What to work on
Search the data for "define". Return each matching line.
··········
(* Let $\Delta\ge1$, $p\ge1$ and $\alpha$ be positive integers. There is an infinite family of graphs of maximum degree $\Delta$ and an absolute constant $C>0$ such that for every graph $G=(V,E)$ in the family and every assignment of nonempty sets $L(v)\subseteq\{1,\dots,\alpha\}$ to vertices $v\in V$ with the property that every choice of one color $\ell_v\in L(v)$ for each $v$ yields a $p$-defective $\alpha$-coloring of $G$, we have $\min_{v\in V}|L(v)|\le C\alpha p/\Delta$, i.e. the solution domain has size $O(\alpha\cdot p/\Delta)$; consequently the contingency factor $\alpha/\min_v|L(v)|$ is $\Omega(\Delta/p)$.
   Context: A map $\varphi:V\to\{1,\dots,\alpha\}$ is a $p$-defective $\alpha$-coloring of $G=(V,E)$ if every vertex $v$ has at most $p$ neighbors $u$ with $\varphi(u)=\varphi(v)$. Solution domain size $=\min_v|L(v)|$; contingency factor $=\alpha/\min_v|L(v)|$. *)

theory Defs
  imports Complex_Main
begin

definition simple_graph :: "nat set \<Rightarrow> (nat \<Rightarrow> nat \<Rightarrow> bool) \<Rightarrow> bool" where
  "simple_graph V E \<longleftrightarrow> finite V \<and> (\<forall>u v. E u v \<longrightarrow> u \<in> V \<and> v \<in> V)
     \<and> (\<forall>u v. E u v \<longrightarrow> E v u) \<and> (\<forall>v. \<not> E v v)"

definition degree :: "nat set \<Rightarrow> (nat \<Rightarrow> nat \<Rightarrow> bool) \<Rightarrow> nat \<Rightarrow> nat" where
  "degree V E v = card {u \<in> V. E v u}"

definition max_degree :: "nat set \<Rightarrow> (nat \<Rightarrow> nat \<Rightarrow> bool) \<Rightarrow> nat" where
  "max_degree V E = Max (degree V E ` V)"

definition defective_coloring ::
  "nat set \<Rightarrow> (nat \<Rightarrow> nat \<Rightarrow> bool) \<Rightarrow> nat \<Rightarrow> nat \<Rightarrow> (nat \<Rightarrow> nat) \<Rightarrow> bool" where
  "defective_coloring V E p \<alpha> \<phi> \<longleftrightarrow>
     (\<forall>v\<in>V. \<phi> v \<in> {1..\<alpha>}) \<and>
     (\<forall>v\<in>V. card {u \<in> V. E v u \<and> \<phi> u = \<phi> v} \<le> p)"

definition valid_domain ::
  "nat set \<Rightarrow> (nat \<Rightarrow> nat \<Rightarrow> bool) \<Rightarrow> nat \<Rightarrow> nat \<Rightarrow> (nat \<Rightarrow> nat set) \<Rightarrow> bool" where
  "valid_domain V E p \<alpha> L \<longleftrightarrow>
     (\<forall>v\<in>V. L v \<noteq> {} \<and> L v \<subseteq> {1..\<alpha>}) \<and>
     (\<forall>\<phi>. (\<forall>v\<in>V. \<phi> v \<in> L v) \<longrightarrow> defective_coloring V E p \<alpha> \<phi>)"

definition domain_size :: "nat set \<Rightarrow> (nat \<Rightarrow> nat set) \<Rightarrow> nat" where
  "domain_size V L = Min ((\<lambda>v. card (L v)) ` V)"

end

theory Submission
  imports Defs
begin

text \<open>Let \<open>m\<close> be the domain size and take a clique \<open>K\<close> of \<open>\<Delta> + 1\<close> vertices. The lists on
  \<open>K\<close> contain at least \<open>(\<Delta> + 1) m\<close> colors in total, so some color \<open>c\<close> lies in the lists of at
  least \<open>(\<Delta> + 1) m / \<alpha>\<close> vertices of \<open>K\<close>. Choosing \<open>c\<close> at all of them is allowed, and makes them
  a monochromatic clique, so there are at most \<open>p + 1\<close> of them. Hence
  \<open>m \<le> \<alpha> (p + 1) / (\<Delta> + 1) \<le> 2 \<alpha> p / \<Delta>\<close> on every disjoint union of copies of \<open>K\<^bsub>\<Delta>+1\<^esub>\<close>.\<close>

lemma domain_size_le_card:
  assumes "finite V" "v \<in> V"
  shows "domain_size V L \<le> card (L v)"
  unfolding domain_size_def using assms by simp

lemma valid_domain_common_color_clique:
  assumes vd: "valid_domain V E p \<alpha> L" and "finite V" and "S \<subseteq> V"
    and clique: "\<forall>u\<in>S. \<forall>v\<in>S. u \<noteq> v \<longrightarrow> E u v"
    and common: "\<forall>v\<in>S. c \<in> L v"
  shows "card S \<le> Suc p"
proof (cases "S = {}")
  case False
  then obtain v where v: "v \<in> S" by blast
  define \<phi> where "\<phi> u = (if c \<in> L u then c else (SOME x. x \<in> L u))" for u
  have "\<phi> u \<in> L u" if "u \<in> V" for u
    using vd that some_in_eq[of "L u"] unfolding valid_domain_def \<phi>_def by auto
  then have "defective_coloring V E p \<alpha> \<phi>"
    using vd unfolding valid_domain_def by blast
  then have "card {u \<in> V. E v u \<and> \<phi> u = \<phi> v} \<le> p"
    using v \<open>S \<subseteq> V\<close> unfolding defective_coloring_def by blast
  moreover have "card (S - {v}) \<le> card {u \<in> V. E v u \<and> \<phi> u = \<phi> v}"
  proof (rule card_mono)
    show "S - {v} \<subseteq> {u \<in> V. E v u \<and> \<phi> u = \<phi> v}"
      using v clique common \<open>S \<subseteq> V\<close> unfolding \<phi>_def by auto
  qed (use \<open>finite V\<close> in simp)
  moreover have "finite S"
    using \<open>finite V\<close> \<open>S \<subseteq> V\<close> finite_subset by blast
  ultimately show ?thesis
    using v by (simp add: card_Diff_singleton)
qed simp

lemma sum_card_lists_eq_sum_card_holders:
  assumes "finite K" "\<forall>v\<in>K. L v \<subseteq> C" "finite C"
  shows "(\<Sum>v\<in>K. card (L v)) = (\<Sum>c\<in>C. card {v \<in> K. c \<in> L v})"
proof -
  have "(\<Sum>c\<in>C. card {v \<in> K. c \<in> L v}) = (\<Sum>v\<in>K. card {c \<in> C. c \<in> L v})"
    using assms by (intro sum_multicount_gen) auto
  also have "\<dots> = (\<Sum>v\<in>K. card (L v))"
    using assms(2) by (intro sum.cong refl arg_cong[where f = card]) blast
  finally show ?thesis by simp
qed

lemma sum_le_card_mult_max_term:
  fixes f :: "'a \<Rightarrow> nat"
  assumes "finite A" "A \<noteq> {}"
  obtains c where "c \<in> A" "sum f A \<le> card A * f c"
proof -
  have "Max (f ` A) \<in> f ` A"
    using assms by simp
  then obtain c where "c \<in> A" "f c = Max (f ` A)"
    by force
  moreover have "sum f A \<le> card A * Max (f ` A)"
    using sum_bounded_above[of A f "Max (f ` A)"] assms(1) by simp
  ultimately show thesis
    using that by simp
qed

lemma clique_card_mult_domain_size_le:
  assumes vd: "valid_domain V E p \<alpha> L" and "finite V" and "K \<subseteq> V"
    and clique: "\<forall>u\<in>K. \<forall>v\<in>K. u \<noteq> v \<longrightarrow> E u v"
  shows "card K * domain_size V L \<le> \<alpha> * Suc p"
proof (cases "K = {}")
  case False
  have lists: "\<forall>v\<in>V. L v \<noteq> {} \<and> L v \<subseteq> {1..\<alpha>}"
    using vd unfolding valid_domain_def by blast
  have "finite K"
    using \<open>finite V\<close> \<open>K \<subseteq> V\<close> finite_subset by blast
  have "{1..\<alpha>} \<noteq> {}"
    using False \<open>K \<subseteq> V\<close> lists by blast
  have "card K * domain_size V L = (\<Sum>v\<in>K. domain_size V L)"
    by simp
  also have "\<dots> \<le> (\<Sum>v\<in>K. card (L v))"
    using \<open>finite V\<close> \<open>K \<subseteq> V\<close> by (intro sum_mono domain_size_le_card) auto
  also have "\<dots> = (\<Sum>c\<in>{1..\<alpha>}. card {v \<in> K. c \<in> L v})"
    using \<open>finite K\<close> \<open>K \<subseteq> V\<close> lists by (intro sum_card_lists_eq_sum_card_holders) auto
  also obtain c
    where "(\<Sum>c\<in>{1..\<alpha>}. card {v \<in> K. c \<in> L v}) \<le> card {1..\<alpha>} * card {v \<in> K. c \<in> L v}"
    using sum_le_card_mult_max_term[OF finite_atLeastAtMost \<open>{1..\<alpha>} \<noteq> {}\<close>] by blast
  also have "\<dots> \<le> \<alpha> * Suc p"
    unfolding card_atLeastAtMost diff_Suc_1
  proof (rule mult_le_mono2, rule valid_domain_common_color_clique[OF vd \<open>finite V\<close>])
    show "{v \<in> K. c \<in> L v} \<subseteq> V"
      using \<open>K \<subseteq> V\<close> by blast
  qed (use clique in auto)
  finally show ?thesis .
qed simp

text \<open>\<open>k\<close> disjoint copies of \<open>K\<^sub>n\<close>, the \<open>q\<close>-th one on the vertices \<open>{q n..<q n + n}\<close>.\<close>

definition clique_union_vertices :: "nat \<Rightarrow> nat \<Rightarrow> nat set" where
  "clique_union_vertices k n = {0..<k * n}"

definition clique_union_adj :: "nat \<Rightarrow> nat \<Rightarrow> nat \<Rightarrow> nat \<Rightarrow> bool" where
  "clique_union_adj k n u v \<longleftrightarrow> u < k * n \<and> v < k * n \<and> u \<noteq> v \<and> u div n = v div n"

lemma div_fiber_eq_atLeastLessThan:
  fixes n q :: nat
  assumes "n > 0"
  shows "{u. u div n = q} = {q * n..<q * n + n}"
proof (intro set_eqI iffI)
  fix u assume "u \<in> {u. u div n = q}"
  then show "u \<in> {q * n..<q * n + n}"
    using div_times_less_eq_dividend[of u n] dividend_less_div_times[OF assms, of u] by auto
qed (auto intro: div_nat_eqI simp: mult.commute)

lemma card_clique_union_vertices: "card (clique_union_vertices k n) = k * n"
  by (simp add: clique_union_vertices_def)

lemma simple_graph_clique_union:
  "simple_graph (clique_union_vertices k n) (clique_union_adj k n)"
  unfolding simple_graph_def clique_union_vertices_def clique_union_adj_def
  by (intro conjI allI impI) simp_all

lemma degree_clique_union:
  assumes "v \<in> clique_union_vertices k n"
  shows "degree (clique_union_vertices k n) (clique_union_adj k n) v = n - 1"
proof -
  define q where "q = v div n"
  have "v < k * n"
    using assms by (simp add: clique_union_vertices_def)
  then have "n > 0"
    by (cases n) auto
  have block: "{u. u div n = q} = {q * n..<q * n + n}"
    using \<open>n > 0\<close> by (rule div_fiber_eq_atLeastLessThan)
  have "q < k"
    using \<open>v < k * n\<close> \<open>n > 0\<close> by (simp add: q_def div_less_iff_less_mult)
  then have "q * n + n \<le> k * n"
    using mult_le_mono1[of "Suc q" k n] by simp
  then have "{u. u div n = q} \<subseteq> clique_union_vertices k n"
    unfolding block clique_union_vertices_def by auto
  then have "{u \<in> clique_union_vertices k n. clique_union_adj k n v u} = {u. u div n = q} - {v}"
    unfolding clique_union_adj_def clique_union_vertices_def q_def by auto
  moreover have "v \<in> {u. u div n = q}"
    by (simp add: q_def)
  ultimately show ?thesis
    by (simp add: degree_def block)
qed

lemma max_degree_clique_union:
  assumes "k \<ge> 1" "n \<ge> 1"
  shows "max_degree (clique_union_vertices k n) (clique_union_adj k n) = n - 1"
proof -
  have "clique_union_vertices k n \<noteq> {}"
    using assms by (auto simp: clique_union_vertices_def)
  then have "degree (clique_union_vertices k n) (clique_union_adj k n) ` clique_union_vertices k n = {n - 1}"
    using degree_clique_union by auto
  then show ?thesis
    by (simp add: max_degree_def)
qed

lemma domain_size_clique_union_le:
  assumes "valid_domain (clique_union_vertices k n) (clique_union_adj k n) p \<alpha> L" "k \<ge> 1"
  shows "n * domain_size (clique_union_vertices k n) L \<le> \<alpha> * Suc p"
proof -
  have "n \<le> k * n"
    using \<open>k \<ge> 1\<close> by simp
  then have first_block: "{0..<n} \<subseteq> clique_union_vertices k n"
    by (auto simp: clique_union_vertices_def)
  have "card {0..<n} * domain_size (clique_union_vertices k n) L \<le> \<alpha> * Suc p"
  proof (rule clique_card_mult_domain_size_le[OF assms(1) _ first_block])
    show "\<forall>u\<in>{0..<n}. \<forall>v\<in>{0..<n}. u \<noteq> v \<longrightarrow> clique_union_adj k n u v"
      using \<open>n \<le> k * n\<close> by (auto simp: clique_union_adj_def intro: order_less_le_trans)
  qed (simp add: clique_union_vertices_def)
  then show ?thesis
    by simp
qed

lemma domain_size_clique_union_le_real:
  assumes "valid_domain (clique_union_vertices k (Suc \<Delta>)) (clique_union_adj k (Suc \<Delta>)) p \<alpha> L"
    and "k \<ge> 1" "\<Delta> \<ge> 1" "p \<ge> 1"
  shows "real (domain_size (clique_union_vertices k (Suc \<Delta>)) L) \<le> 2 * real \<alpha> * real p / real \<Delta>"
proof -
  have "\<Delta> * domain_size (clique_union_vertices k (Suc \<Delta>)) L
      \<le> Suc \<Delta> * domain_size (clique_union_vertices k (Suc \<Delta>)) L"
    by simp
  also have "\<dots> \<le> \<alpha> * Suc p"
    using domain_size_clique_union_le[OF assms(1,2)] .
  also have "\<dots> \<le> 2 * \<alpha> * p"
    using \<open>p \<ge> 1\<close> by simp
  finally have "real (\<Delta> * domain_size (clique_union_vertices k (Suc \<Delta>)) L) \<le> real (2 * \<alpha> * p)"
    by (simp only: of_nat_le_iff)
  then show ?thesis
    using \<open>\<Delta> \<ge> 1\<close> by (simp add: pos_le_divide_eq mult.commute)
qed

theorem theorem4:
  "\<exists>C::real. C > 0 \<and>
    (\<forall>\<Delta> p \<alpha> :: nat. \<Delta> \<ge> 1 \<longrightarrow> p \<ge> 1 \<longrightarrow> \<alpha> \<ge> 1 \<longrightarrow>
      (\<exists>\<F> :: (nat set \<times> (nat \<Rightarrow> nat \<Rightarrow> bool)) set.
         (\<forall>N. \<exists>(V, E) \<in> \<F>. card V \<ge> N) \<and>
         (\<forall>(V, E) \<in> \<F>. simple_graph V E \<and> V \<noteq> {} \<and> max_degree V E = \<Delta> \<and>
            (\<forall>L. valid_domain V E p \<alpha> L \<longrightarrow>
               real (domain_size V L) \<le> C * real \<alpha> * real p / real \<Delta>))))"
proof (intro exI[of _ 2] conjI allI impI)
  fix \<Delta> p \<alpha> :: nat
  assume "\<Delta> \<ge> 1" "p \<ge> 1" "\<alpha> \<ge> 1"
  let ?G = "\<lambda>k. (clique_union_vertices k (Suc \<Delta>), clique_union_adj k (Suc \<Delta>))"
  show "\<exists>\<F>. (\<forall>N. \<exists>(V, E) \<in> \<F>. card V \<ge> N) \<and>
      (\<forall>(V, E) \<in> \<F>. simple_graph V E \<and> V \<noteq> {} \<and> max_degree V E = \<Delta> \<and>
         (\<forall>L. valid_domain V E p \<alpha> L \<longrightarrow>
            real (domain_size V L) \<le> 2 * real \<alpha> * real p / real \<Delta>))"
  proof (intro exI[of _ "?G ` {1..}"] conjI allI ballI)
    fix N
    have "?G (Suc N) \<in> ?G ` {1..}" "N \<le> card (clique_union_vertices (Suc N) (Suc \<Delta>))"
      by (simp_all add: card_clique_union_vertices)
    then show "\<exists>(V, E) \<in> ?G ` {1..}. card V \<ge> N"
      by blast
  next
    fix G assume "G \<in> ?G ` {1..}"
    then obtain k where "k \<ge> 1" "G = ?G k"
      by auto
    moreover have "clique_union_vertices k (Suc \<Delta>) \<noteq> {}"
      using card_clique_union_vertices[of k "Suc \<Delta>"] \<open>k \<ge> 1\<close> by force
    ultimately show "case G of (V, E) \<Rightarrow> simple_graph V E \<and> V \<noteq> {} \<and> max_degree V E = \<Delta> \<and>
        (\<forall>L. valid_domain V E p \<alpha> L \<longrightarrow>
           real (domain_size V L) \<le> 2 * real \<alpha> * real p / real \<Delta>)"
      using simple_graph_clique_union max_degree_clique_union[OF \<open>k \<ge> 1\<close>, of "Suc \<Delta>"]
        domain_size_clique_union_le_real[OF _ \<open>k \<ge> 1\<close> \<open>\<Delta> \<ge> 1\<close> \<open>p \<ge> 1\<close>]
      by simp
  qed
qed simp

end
··········
Reply to the task
  define \<phi> where "\<phi> u = (if c \<in> L u then c else (SOME x. x \<in> L u))" for u
  define q where "q = v div n"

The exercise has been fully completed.